Field of the Invention
The invention relates to a high density integrated semiconductor memory with an n-channel-EPROM cell in the form of a pillar. An n.sup.+ -doped source region runs along the base of the pillar and an n.sup.+ -doped drain-region is arranged on the pillar. The pillar also has an n.sup.+ -doped floating gate and a control gate. The lateral measurements of the pillar are chosen such that the pillar in a potential free state of the n-channel-EPROM cell is fully depleted of free charge carriers. The floating gate is disposed on the side walls of the pillar and encloses the pillar. The control-gate encloses the pillar and the floating-gate and it is disposed on the side walls of the pillar with an intermediate insulator layer at least in one subregion. The invention furthermore relates to a method for producing such a semiconductor memory.

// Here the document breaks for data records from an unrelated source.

lemma Mshift_add:
  assumes c: "c \<in> B" and m: "m \<in> mono_set n" and m': "m' \<in> mono_set n"
  shows "Mshift (m' + m) c = Option.bind (Mshift m' c) (Mshift m)"
proof (cases c)
  case (Inl a)
  with c have "a \<in> mono_set n"
    by (auto simp: Mbasis_def young_def)
  then have "a + m' \<in> mono_set n"
    using m' by (rule mono_set_add)
  then show ?thesis
    using Inl young_addD[OF ideal_I _ m] by (auto simp: Mshift_def add.assoc)
next
  case (Inr b)
  with c have b: "b \<in> young n J"
    by (auto simp: Mbasis_def)
  then have bm': "b + m' \<in> mono_set n"
    using m' mono_set_add young_subset_mono_set by blast
  show ?thesis
  proof (cases "b + m' \<in> young n J")
    case True
    then show ?thesis
      using Inr Mshift_Jclass[OF True m] by (simp add: Mshift_def add.assoc)
  next
    case False
    then have "b + (m' + m) \<notin> young n J"
      using young_addD[OF ideal_J bm' m] by (metis add.assoc)
    with False Inr show ?thesis
      by (simp add: Mshift_def)
  qed
qed

lemma Mstep_eq_Mshift: "Mstep n K I L J \<phi> i = Mshift (unit_exp i)"
  unfolding Mstep_def Let_def fun_upd_Suc_eq_add_unit_exp
  by (intro ext) (simp add: Mshift_def Jclass_def split: sum.split)

lemma Mmat_zero: "Mmat 0 = mat_one B"
  by (intro ext) (auto simp: Mmat_def mat_one_def Mshift_zero)

lemma Mmat_unit_exp: "Mmat (unit_exp i) = Amat n K I L J \<phi> i"
  by (intro ext) (simp add: Mmat_def Amat_def Mstep_eq_Mshift)

lemma Mmat_eq_zero: "m \<in> I \<Longrightarrow> m \<in> J \<Longrightarrow> Mmat m = 0"
  by (intro ext) (simp add: Mmat_def Mshift_eq_None)

lemma mat_mult_Mmat:
  assumes m: "m \<in> mono_set n" and m': "m' \<in> mono_set n"
  shows "mat_mult B (Mmat m) (Mmat m') = Mmat (m' + m)"
proof (intro ext)
  fix r c
  show "mat_mult B (Mmat m) (Mmat m') r c = Mmat (m' + m) r c"
  proof (cases "c \<in> B")
    case False
    then show ?thesis
      by (simp add: mat_mult_def Mmat_def)
  next
    case c: True
    show ?thesis
    proof (cases "Mshift m' c")
      case None
      then show ?thesis
        using Mshift_add[OF c m m'] by (simp add: mat_mult_def Mmat_def)
    next
      case (Some t)
      have t: "t \<in> B"
        using Some by (rule Mshift_in_Mbasis)
      have "mat_mult B (Mmat m) (Mmat m') r c = (\<Sum>s\<in>B. if s = t then Mmat m r s else 0)"
        unfolding mat_mult_def by (rule sum.cong) (auto simp: Mmat_def c Some)
      also have "\<dots> = Mmat m r t"
        using t finite_Mbasis by simp
      also have "\<dots> = Mmat (m' + m) r c"
        using Mshift_add[OF c m m'] Some t c by (simp add: Mmat_def)
      finally show ?thesis .
    qed
  qed
qed

abbreviation A :: "((nat \<Rightarrow> nat) + (nat \<Rightarrow> nat) \<Rightarrow> (nat \<Rightarrow> nat) + (nat \<Rightarrow> nat) \<Rightarrow> 'k) set" where
  "A \<equiv> gen_alg B {Amat n K I L J \<phi> i | i. i < n}"

lemma Mmat_in_gen_alg:
  assumes "m \<in> mono_set n"
  shows "Mmat m \<in> A"
  using assms
proof (rule mono_set_induct)
  show "Mmat 0 \<in> A"
    unfolding Mmat_zero by (rule gen_alg.one)
next
  fix m i
  assume m: "m \<in> mono_set n" and i: "i < n" and IH: "Mmat m \<in> A"
  have "Mmat (unit_exp i) \<in> A"
    using i by (auto simp: Mmat_unit_exp intro: gen_alg.gen)
  from gen_alg.mult[OF this IH] show "Mmat (m + unit_exp i) \<in> A"
    by (simp add: mat_mult_Mmat[OF unit_exp_in_mono_set[OF i] m])
qed

lemma Mmat_in_span:
  assumes "m \<in> mono_set n"
  shows "Mmat m \<in> mat.span (Mmat ` (young n I \<union> young n J))"
proof (cases "m \<in> young n I \<union> young n J")
  case True
  then show ?thesis
    by (intro mat.span_base imageI)
next
  case False
  with assms have "Mmat m = 0"
    by (intro Mmat_eq_zero) (auto simp: young_def)
  then show ?thesis
    by (metis mat.span_zero)
qed

lemma gen_alg_subset_span_Mmat: "A \<subseteq> mat.span (Mmat ` (young n I \<union> young n J))"
proof (rule gen_alg_subset_span)
  show "mat_one B \<in> mat.span (Mmat ` (young n I \<union> young n J))"
    using Mmat_in_span[OF zero_in_mono_set] by (simp add: Mmat_zero)
  show "{Amat n K I L J \<phi> i | i. i < n} \<subseteq> mat.span (Mmat ` (young n I \<union> young n J))"
    using Mmat_in_span[OF unit_exp_in_mono_set] by (auto simp flip: Mmat_unit_exp)
next
  fix X Y
  assume "X \<in> Mmat ` (young n I \<union> young n J)" "Y \<in> Mmat ` (young n I \<union> young n J)"
  then obtain u v where u: "u \<in> mono_set n" and v: "v \<in> mono_set n"
    and XY: "X = Mmat u" "Y = Mmat v"
    using young_subset_mono_set by blast
  have "mat_mult B X Y = Mmat (v + u)"
    unfolding XY using u v by (rule mat_mult_Mmat)
  then show "mat_mult B X Y \<in> mat.span (Mmat ` (young n I \<union> young n J))"
    using Mmat_in_span[OF mono_set_add[OF v u]] by simp
qed

text \<open>The column of the class of 1 separates the matrices: Mmat u maps it to the class of
  x^u, which is distinct for distinct u.\<close>

lemma Mmat_separating:
  assumes u: "u \<in> young n I \<union> young n J"
  shows "\<exists>r c. \<forall>v\<in>young n I \<union> young n J. Mmat v r c = (if v = u then 1 else 0)"
proof (cases "u \<in> young n I")
  case True
  then have "Inl 0 \<in> B"
    using zero_in_young[OF ideal_I] by (simp add: Mbasis_def)
  then have "\<forall>v\<in>young n I \<union> young n J. Mmat v (Inl u) (Inl 0) = (if v = u then 1 else 0)"
    using True by (auto simp: Mmat_def Mshift_def)
  then show ?thesis
    by blast
next
  case False
  with u have uJ: "u \<in> young n J"
    by blast
  then have zero: "0 \<in> young n J"
    by (rule zero_in_young[OF ideal_J])
  have "Mmat v (Jclass u) (Jclass 0) = (if v = u then 1 else 0)" if v: "v \<in> young n I \<union> young n J" for v
  proof -
    have "v \<in> mono_set n"
      using v young_subset_mono_set by blast
    then have "Mshift v (Jclass 0) = (if v \<in> young n J then Some (Jclass v) else None)"
      using Mshift_Jclass[OF zero] by simp
    then show ?thesis
      using Jclass_in_Mbasis[OF zero] inj_on_Jclass uJ by (auto simp: Mmat_def inj_on_eq_iff)
  qed
  then show ?thesis
    by blast
qed
(* Let $L$ be a construction of an ASC-hypergraph $H$, let $Y\in L$ and put $Z=\bigcup H\setminus Y$. Then ${}_Z L$ is a construction of the ASC-hypergraph ${}_Z H$.
   Context: A hypergraph is a finite set $H$ of nonempty subsets of some finite set; its carrier is $\bigcup H$. For a family $F$ and set $Y$, $F_Y=\{X\in F\mid X\subseteq Y\}$, and ${}_Z F=\{X\cap Z\mid X\in F,\ X\cap Z\neq\emptyset\}$. A hypergraph partition of $H$ is a partition $\{H_1,\dots,H_n\}$ ($n\ge0$) of the set $H$ with $\{\bigcup H_1,\dots,\bigcup H_n\}$ a partition of $\bigcup H$; $H$ is connected if it has exactly one hypergraph partition; the finest hypergraph partition is the unique one whose blocks are connected. $H$ is atomic if $\{x\}\in H$ for all $x\in\bigcup H$; saturated if $X_1,X_2\in H$ with $X_1\cap X_2\neq\emptyset$ imply $X_1\cup X_2\in H$. An ASC-hypergraph is one that is atomic, saturated and connected. Constructions of an atomic $H$, by induction on $|\bigcup H|$: (0) $\emptyset$ is the only construction of $\emptyset$; (1) if $|\bigcup H|\ge1$, $H$ connected, $x\in\bigcup H$, $K$ a construction of $H_{\bigcup H\setminus\{x\}}$, then $K\cup\{\bigcup H\}$ is a construction of $H$; (2) if $H$ is not connected with finest hypergraph partition $\{H_1,\dots,H_n\}$, $n\ge2$, and $K_i$ is a construction of $H_i$, then $K_1\cup\dots\cup K_n$ is a construction of $H$. *)

theory Defs
  imports Main "HOL-Library.Disjoint_Sets"
begin

definition hypergraph :: "'a set set \<Rightarrow> bool" where
  "hypergraph H \<longleftrightarrow> finite H \<and> (\<forall>X\<in>H. X \<noteq> {} \<and> finite X)"

definition restr :: "'a set set \<Rightarrow> 'a set \<Rightarrow> 'a set set" where
  "restr F Y = {X \<in> F. X \<subseteq> Y}"

text \<open>_Z F = {X inter Z | X in F, X inter Z nonempty}\<close>
definition trace :: "'a set \<Rightarrow> 'a set set \<Rightarrow> 'a set set" where
  "trace Z F = {X \<inter> Z | X. X \<in> F \<and> X \<inter> Z \<noteq> {}}"

definition hpartition :: "'a set set \<Rightarrow> 'a set set set \<Rightarrow> bool" where
  "hpartition H P \<longleftrightarrow> partition_on H P \<and> partition_on (\<Union>H) (Union ` P) \<and> inj_on Union P"

definition hconnected :: "'a set set \<Rightarrow> bool" where
  "hconnected H \<longleftrightarrow> (\<exists>!P. hpartition H P)"

definition finest_hpartition :: "'a set set \<Rightarrow> 'a set set set \<Rightarrow> bool" where
  "finest_hpartition H P \<longleftrightarrow> hpartition H P \<and> (\<forall>Hi\<in>P. hconnected Hi)"

definition atomic :: "'a set set \<Rightarrow> bool" where
  "atomic H \<longleftrightarrow> (\<forall>x\<in>\<Union>H. {x} \<in> H)"

definition saturated :: "'a set set \<Rightarrow> bool" where
  "saturated H \<longleftrightarrow> (\<forall>X1\<in>H. \<forall>X2\<in>H. X1 \<inter> X2 \<noteq> {} \<longrightarrow> X1 \<union> X2 \<in> H)"

definition ASC :: "'a set set \<Rightarrow> bool" where
  "ASC H \<longleftrightarrow> hypergraph H \<and> atomic H \<and> saturated H \<and> hconnected H"

inductive construction :: "'a set set \<Rightarrow> 'a set set \<Rightarrow> bool" where
  empty: "construction {} {}"
| conn: "\<lbrakk> hypergraph H; atomic H; hconnected H; x \<in> \<Union>H;
           construction (restr H (\<Union>H - {x})) K \<rbrakk>
         \<Longrightarrow> construction H (insert (\<Union>H) K)"
| split: "\<lbrakk> hypergraph H; atomic H; \<not> hconnected H; finest_hpartition H P; card P \<ge> 2;
            \<forall>Hi\<in>P. construction Hi (Kf Hi) \<rbrakk>
         \<Longrightarrow> construction H (\<Union>Hi\<in>P. Kf Hi)"

end

theory Submission
  imports Defs
begin

(* Write Z for the complement in the carrier of H of a member Y of the construction L.
   That the trace of H on Z is again ASC is local: atomicity and saturation are
   inherited by traces, and a nonempty saturated connected hypergraph contains its own
   carrier, so the trace contains its carrier and is therefore connected.

   That the trace of L is a construction of the trace of H is proved by induction on L,
   for all Y in L at once; saturation of H is the only invariant needed.  In a
   rule-(1) step L = insert (carrier H) K, where K constructs H with a point x deleted.
   Either Y is the whole carrier, and everything traces to the empty hypergraph, or x
   lies in Z and the traced step is again a rule-(1) step deleting x.  In a rule-(2)
   step Y lies in the construction of one block of the finest hypergraph partition;
   tracing replaces that block by its trace, leaves the other blocks untouched, and
   the pieces are glued back together by rule (2). *)

definition carrier_disjoint :: "'a set set set \<Rightarrow> bool" where
  "carrier_disjoint P \<longleftrightarrow> (\<forall>B\<in>P. \<forall>C\<in>P. B \<noteq> C \<longrightarrow> \<Union>B \<inter> \<Union>C = {})"

lemma hpartitionD:
  assumes "hpartition G P"
  shows "\<Union>P = G" and "\<And>B. B \<in> P \<Longrightarrow> B \<noteq> {}" and "carrier_disjoint P"
proof -
  have blocks: "partition_on G P" and carriers: "partition_on (\<Union>G) (Union ` P)"
    and inj: "inj_on Union P"
    using assms by (auto simp: hpartition_def)
  show "\<Union>P = G" and "\<And>B. B \<in> P \<Longrightarrow> B \<noteq> {}"
    using blocks by (auto simp: partition_on_def)
  show "carrier_disjoint P" unfolding carrier_disjoint_def
  proof (intro ballI impI)
    fix B C assume "B \<in> P" "C \<in> P" "B \<noteq> C"
    then have "\<Union>B \<noteq> \<Union>C" using inj by (auto simp: inj_on_def)
    then show "\<Union>B \<inter> \<Union>C = {}" using carriers \<open>B \<in> P\<close> \<open>C \<in> P\<close>
      by (auto simp: partition_on_def pairwise_def disjnt_def)
  qed
qed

In high density integrated semiconductor memories, particularly in electrically programmable, non-volatile memories (EPROMs), the integration density is limited, inter alia, by the structural resolution of photolithography. Minimum cell areas of about 7*F.sup.2 have already been produced by means of lateral integration of stacked gate flash cells in a NAND arrangement. F in this case indicates the minimum length which can be achieved by photolithography--referred to as the minimum feature size.
Greater integration density can be achieved with a vertical design of the EPROM cells, which are transistors in the form of cylinders or pillars. Stacked gate flash cells with a cell area of about 4.4*F.sup.2 can be produced using 1 .mu.m cylinders. Smaller cell areas cannot be produced using this technique, since the cylinders are already at the limit of structural fineness of the photographic technique. In addition, if the cylinder diameter is reduced further, these cylinders are fully depleted, so that the cell transistors no longer switch off in the discharged state. This effect is comparable to the overerase problem with stacked gate memories.
A highly integrated semiconductor memory of the above-mentioned type is known from U.S. Pat. No. 5,414,287 to Hong. That semiconductor memory is produced by a method in which on a p.sup.+ -doped substrate etching masks are produced, an anisotropic etching for the production of pillars is carried out, an n.sup.30 -implantation in the back-etched substrate regions is carried out, an oxide is grown on the pillars and the surfaces therebetween, n.sup.+ -doped polysilicon for the production of the floating gate is deposited and removed in the area of the surfaces located between the pillars. The removal is effected by anisotropic etching. An interpolydielectric is deposited on the n.sup.+ -doped polysilicon, an n-doped polysilicon layer is deposited for forming a control gate, the second polysilicon layer is etched isotropically, so that the second polysilicon layer still completely encloses the first polysilicon layer, the original etching mask is removed at the pillar tips, and the contacts are produced there.
A high density integrated semiconductor memory with a pillar structure is know from H. Pein and J. D. Plum, Performance of the 3-D Pencil Flasch EPROM Cell and Memory Array, U.S.-Z.: IEEE TRANSACTIONS ON ELECTRON DEVICES, Vol. 42, No. Nov. 11, 1995, pages 1982-1991. There, the pillar is designed such that it is fully depleted of charge carriers.